Harvard Medical School researchers at Massachusetts General Hospital have identified a surprising new role for macrophages, the white blood cells primarily known for removing pathogens, cellular debris and other unwanted materials from the body. In a paper published in Cell on April 20, they describe their discovery of how macrophages are also essential for the healthy functioning of the heart by helping conduct the electric signals that coordinate the heartbeat.
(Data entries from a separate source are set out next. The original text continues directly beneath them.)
(* Let $n\le l$ be positive integers, let $L_l=\{a_1<a_2<\dots<a_l\}$ be the linearly ordered semilattice of $l$ elements (with $a_ia_j=a_{\min(i,j)}$), and let $t(X)=s(X)$ be an equation over $L_l$ in the variables $X=\{x_1,\dots,x_n\}$ in which every variable $x_1,\dots,x_n$ occurs. Let $\sigma$ be a permutation of $\{1,\dots,n\}$ of the first or of the second kind with respect to this equation. Then the set $Y_\sigma\subseteq L_l^n$ is irreducible, and its coordinate semilattice satisfies $\Gamma(Y_\sigma)\cong L_n$ if $\sigma$ is of the first kind and $\Gamma(Y_\sigma)\cong L_{n-1}$ if $\sigma$ is of the second kind.
   Context: A term $t(X)$ is a commutative word in the letters $x_1,\dots,x_n$; $\mathrm{Var}(t)$ is the set of variables occurring in $t$. An equation is an ordered pair of terms written $t(X)=s(X)$; an inequality $t\le s$ abbreviates the equation $ts=t$. A point $P\in L_l^n$ is a solution of $t(X)=s(X)$ if $t(P)=s(P)$ in $L_l$. For a system $S$ of equations, $V(S)$ is the set of common solutions; a set $Y\subseteq L_l^n$ is algebraic if $Y=V(S)$ for some system $S$, and an algebraic set is irreducible if it is not a proper finite union of other algebraic sets. For an algebraic set $Y$, terms $t,s$ are $\sim_Y$-equivalent if $t(P)=s(P)$ for all $P\in Y$; the set of equivalence classes, with the induced multiplication, is the coordinate semilattice $\Gamma(Y)$. A permutation $\sigma$ of $\{1,\dots,n\}$ is of the first kind (for the equation $t=s$) if $x_{\sigma(1)}\in\mathrm{Var}(t)\cap\mathrm{Var}(s)$, and of the second kind if $x_{\sigma(1)}\in\mathrm{Var}(s)\setminus\mathrm{Var}(t)$ and $x_{\sigma(2)}\in\mathrm{Var}(t)\setminus\mathrm{Var}(s)$. If $\sigma$ is of the first kind, $Y_\sigma=V(\{x_{\sigma(i)}\le x_{\sigma(i+1)}: 1\le i\le n-1\})$; if $\sigma$ is of the second kind, $Y_\sigma=V(\{x_{\sigma(1)}=x_{\sigma(2)}\}\cup\{x_{\sigma(i)}\le x_{\sigma(i+1)}: 2\le i\le n-1\})$. *)

theory Defs
  imports Main "HOL-Library.Multiset" "HOL-Combinatorics.Permutations"
begin

text \<open>Variables are x_0,...,x_(n-1) (0-indexed).  A wterm (commutative word) is a
  nonempty multiset of variable indices.  L_l = {a_1<...<a_l} is modelled by
  {0..<l} :: nat set with product min.  A point of L_l^n is a list of length n
  with entries < l.\<close>

type_synonym wterm = "nat multiset"
type_synonym equation = "wterm \<times> wterm"

definition terms :: "nat \<Rightarrow> wterm set" where
  "terms n = {t. t \<noteq> {#} \<and> set_mset t \<subseteq> {0..<n}}"

definition Var :: "wterm \<Rightarrow> nat set" where
  "Var t = set_mset t"

definition points :: "nat \<Rightarrow> nat \<Rightarrow> nat list set" where
  "points n l = {P. length P = n \<and> (\<forall>a\<in>set P. a < l)}"

definition eval :: "wterm \<Rightarrow> nat list \<Rightarrow> nat" where
  "eval t P = Min ((\<lambda>i. P ! i) ` set_mset t)"

text \<open>inequality t \<le> s abbreviates ts = t\<close>
definition ineq :: "wterm \<Rightarrow> wterm \<Rightarrow> equation" where
  "ineq t s = (t + s, t)"

definition V :: "nat \<Rightarrow> nat \<Rightarrow> equation set \<Rightarrow> nat list set" where
  "V n l S = {P \<in> points n l. \<forall>(t, s)\<in>S. eval t P = eval s P}"

definition algebraic :: "nat \<Rightarrow> nat \<Rightarrow> nat list set \<Rightarrow> bool" where
  "algebraic n l Y \<longleftrightarrow> (\<exists>S. S \<subseteq> terms n \<times> terms n \<and> Y = V n l S)"

definition irreducible_alg :: "nat \<Rightarrow> nat \<Rightarrow> nat list set \<Rightarrow> bool" where
  "irreducible_alg n l Y \<longleftrightarrow> algebraic n l Y \<and>
     \<not> (\<exists>F. finite F \<and> (\<forall>Z\<in>F. algebraic n l Z \<and> Z \<noteq> Y) \<and> Y = \<Union>F)"

definition simY :: "nat \<Rightarrow> nat list set \<Rightarrow> (wterm \<times> wterm) set" where
  "simY n Y = {(t, s). t \<in> terms n \<and> s \<in> terms n \<and> (\<forall>P\<in>Y. eval t P = eval s P)}"

definition Gamma :: "nat \<Rightarrow> nat list set \<Rightarrow> wterm set set" where
  "Gamma n Y = terms n // simY n Y"

definition Gamma_mult :: "nat \<Rightarrow> nat list set \<Rightarrow> wterm set \<Rightarrow> wterm set \<Rightarrow> wterm set" where
  "Gamma_mult n Y A B = (\<Union>a\<in>A. \<Union>b\<in>B. simY n Y `` {a + b})"

definition Gamma_iso_L :: "nat \<Rightarrow> nat list set \<Rightarrow> nat \<Rightarrow> bool" where
  "Gamma_iso_L n Y m \<longleftrightarrow> (\<exists>f. bij_betw f (Gamma n Y) {0..<m} \<and>
     (\<forall>A\<in>Gamma n Y. \<forall>B\<in>Gamma n Y. f (Gamma_mult n Y A B) = min (f A) (f B)))"

definition first_kind :: "equation \<Rightarrow> (nat \<Rightarrow> nat) \<Rightarrow> bool" where
  "first_kind e \<sigma> \<longleftrightarrow> \<sigma> 0 \<in> Var (fst e) \<inter> Var (snd e)"

definition second_kind :: "equation \<Rightarrow> (nat \<Rightarrow> nat) \<Rightarrow> bool" where
  "second_kind e \<sigma> \<longleftrightarrow> \<sigma> 0 \<in> Var (snd e) - Var (fst e) \<and> \<sigma> 1 \<in> Var (fst e) - Var (snd e)"

definition Y_first :: "nat \<Rightarrow> nat \<Rightarrow> (nat \<Rightarrow> nat) \<Rightarrow> nat list set" where
  "Y_first n l \<sigma> = V n l {ineq {#\<sigma> i#} {#\<sigma> (Suc i)#} | i. i + 1 < n}"

definition Y_second :: "nat \<Rightarrow> nat \<Rightarrow> (nat \<Rightarrow> nat) \<Rightarrow> nat list set" where
  "Y_second n l \<sigma> = V n l ({({#\<sigma> 0#}, {#\<sigma> 1#})} \<union>
      {ineq {#\<sigma> i#} {#\<sigma> (Suc i)#} | i. 1 \<le> i \<and> i + 1 < n})"

end

theory Submission
  imports Defs
begin

text \<open>Both sets are chains \<open>x_\<sigma>(0) = \<dots> = x_\<sigma>(d) \<le> x_\<sigma>(d+1) \<le> \<dots> \<le> x_\<sigma>(n-1)\<close>, with \<open>d = 0\<close>
  for the first kind and \<open>d = 1\<close> for the second; the equation itself only matters in that a
  permutation of the second kind forces \<open>n \<ge> 2\<close>. Such a set \<open>Y\<close> has a generic point \<open>g\<close>, namely
  \<open>g(x_\<sigma>(i)) = max(i - d, 0)\<close>: every point of \<open>Y\<close> is obtained from \<open>g\<close> by applying a monotone
  map coordinatewise, and monotone maps are semilattice endomorphisms of a chain. Hence every
  equation true at \<open>g\<close> holds on all of \<open>Y\<close>. This makes \<open>Y\<close> irreducible (a finite cover of \<open>Y\<close>
  by algebraic sets has a member containing \<open>g\<close>, and that member contains \<open>Y\<close>), and it
  identifies \<open>\<Gamma>(Y)\<close> with the set of values of terms at \<open>g\<close>, which is the chain
  \<open>{0, \<dots>, n - d - 1}\<close>.\<close>

lemma eval_singleton [simp]: "eval {#a#} P = P ! a"
  by (simp add: eval_def)

lemma eval_plus:
  assumes "t \<noteq> {#}" "s \<noteq> {#}"
  shows "eval (t + s) P = min (eval t P) (eval s P)"
  using assms by (simp add: eval_def image_Un Min_Un)

lemma eval_pair [simp]: "eval {#a, b#} P = min (P ! a) (P ! b)"
  by (simp add: eval_def)

lemma eval_attained:
  assumes "t \<noteq> {#}"
  obtains j where "j \<in># t" "eval t P = P ! j"
proof -
  have "eval t P \<in> (!) P ` set_mset t"
    unfolding eval_def using assms by (intro Min_in) auto
  then show ?thesis using that by blast
qed

lemma eval_mono_comp:
  assumes "t \<noteq> {#}" "mono \<phi>" "\<And>j. j \<in># t \<Longrightarrow> P ! j = \<phi> (g ! j)"
  shows "eval t P = \<phi> (eval t g)"
proof -
  have "\<phi> (eval t g) = Min (\<phi> ` (!) g ` set_mset t)"
    unfolding eval_def using assms(1) by (intro mono_Min_commute[OF assms(2)]) auto
  also have "\<phi> ` (!) g ` set_mset t = (!) P ` set_mset t"
    using assms(3) by (force simp: image_image)
  finally show ?thesis by (simp add: eval_def)
qed

lemma plus_in_terms: "t \<in> terms n \<Longrightarrow> s \<in> terms n \<Longrightarrow> t + s \<in> terms n"
  by (auto simp: terms_def)

definition generic_point :: "nat \<Rightarrow> nat list set \<Rightarrow> nat list \<Rightarrow> bool" where
  "generic_point n Y g \<longleftrightarrow> g \<in> Y \<and>
     (\<forall>P\<in>Y. \<forall>t\<in>terms n. \<forall>s\<in>terms n. eval t g = eval s g \<longrightarrow> eval t P = eval s P)"

lemma generic_pointI_mono_factor:
  assumes "g \<in> Y"
    and factor: "\<And>P. P \<in> Y \<Longrightarrow> \<exists>\<phi>. mono \<phi> \<and> (\<forall>j<n. P ! j = \<phi> (g ! j))"
  shows "generic_point n Y g"
  unfolding generic_point_def
proof (intro conjI ballI impI \<open>g \<in> Y\<close>)
  fix P t s assume "P \<in> Y" "t \<in> terms n" "s \<in> terms n" "eval t g = eval s g"
  moreover obtain \<phi> where "mono \<phi>" "\<forall>j<n. P ! j = \<phi> (g ! j)"
    using factor[OF \<open>P \<in> Y\<close>] by blast
  then have "\<And>u. u \<in> terms n \<Longrightarrow> eval u P = \<phi> (eval u g)"
    by (intro eval_mono_comp) (auto simp: terms_def)
  then show "eval t P = eval s P"
    using \<open>t \<in> terms n\<close> \<open>s \<in> terms n\<close> \<open>eval t g = eval s g\<close> by metis
qed

lemma irreducible_if_generic_point:
  assumes "algebraic n l Y" "generic_point n Y g"
  shows "irreducible_alg n l Y"
  unfolding irreducible_alg_def
proof (intro conjI \<open>algebraic n l Y\<close> notI)
  assume "\<exists>F. finite F \<and> (\<forall>Z\<in>F. algebraic n l Z \<and> Z \<noteq> Y) \<and> Y = \<Union>F"
  then obtain F where F: "\<forall>Z\<in>F. algebraic n l Z \<and> Z \<noteq> Y" "Y = \<Union>F" by blast
  moreover have "g \<in> Y" using assms(2) by (simp add: generic_point_def)
  ultimately obtain Z where Z: "Z \<in> F" "g \<in> Z" by blast
  then obtain S where S: "S \<subseteq> terms n \<times> terms n" "Z = V n l S"
    using F(1) unfolding algebraic_def by blast
  obtain S\<^sub>Y where "Y = V n l S\<^sub>Y" using assms(1) by (auto simp: algebraic_def)
  then have "Y \<subseteq> points n l" by (auto simp: V_def)
  have "Y \<subseteq> Z"
  proof
    fix P assume "P \<in> Y"
    have "eval t P = eval s P" if "(t, s) \<in> S" for t s
    proof -
      have "eval t g = eval s g" using that S(2) Z(2) by (auto simp: V_def)
      then show ?thesis
        using assms(2) \<open>P \<in> Y\<close> that S(1) unfolding generic_point_def by blast
    qed
    then show "P \<in> Z" using S(2) \<open>P \<in> Y\<close> \<open>Y \<subseteq> points n l\<close> by (auto simp: V_def)
  qed
  moreover have "Z \<subseteq> Y" using F(2) Z(1) by blast
  ultimately show False using F(1) Z(1) by blast
qed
“Our finding that a new cell type is involved in cardiac conduction may lead to better understanding of normal heart function. What really surprised me was that macrophages can depolarize—change their electric charge—when coupled to a heart muscle cell. Down the line, this work on the role of macrophages in conduction may lead to new treatments for cardiac arrhythmias,” said corresponding author Matthias Nahrendorf, HMS associate professor of radiology at Mass General.
Best known for their role in the immune system, macrophages are primarily responsible for engulfing and digesting microbes, damaged cells and foreign substances. They are found in tissues throughout the body and have recently been shown to have additional functions related to the tissues where they reside. While macrophages are required for healing damaged tissues in the heart, their presence within healthy heart muscle suggests a role in normal heart function. Nahrendorf’s study was designed to investigate their potential role in transmitting and coordinating the electrical signals that stimulate heart muscle contraction.
Initial experiments in mice revealed that cardiac macrophages are more abundant in the atrioventicular (AV) node—a key structure connecting the atria (upper chambers) to the ventricles (lower chambers)—which coordinates contraction timing for the upper and lower chambers. Similarly high concentrations of macrophages were found in AV nodes from human autopsy samples. Subsequent animal experiments found that macrophages connect to heart muscle cells via gap junctions—pore-like structures known to coordinate heart muscle contractions—and that the shifts in electric charge that carry the conduction signal are synchronized between macrophages and adjacent heart muscle cells called myocytes.
Mice lacking a key, gap-junction protein showed an abnormal slowing of signal conduction through the AV node, and a complete depletion of tissue macrophages led to the development of AV block—a delay in conduction between the atria and ventricles that, in human patients, requires pacemaker implantation. Overall, the findings suggest that cardiac macrophages are essential participants in the cardiac conduction system and that changes in their numbers or properties may contribute to heart rhythm abnormalities.
Nahrendorf and his colleagues are continuing to explore the role of macrophages in both the healthy heart and in common disorders of signal conduction. He adds that the cells’ natural propensity to surround and take up materials for disposal could be used to induce macrophages to ingest drugs carried on nanoparticles.
They study was supported by the National Institutes of Health (grants NS084863, HL128264, HL114477, HL117829, HL092577, HL105780 and HL096576). Mass General has filed a patent application covering the work described in this paper.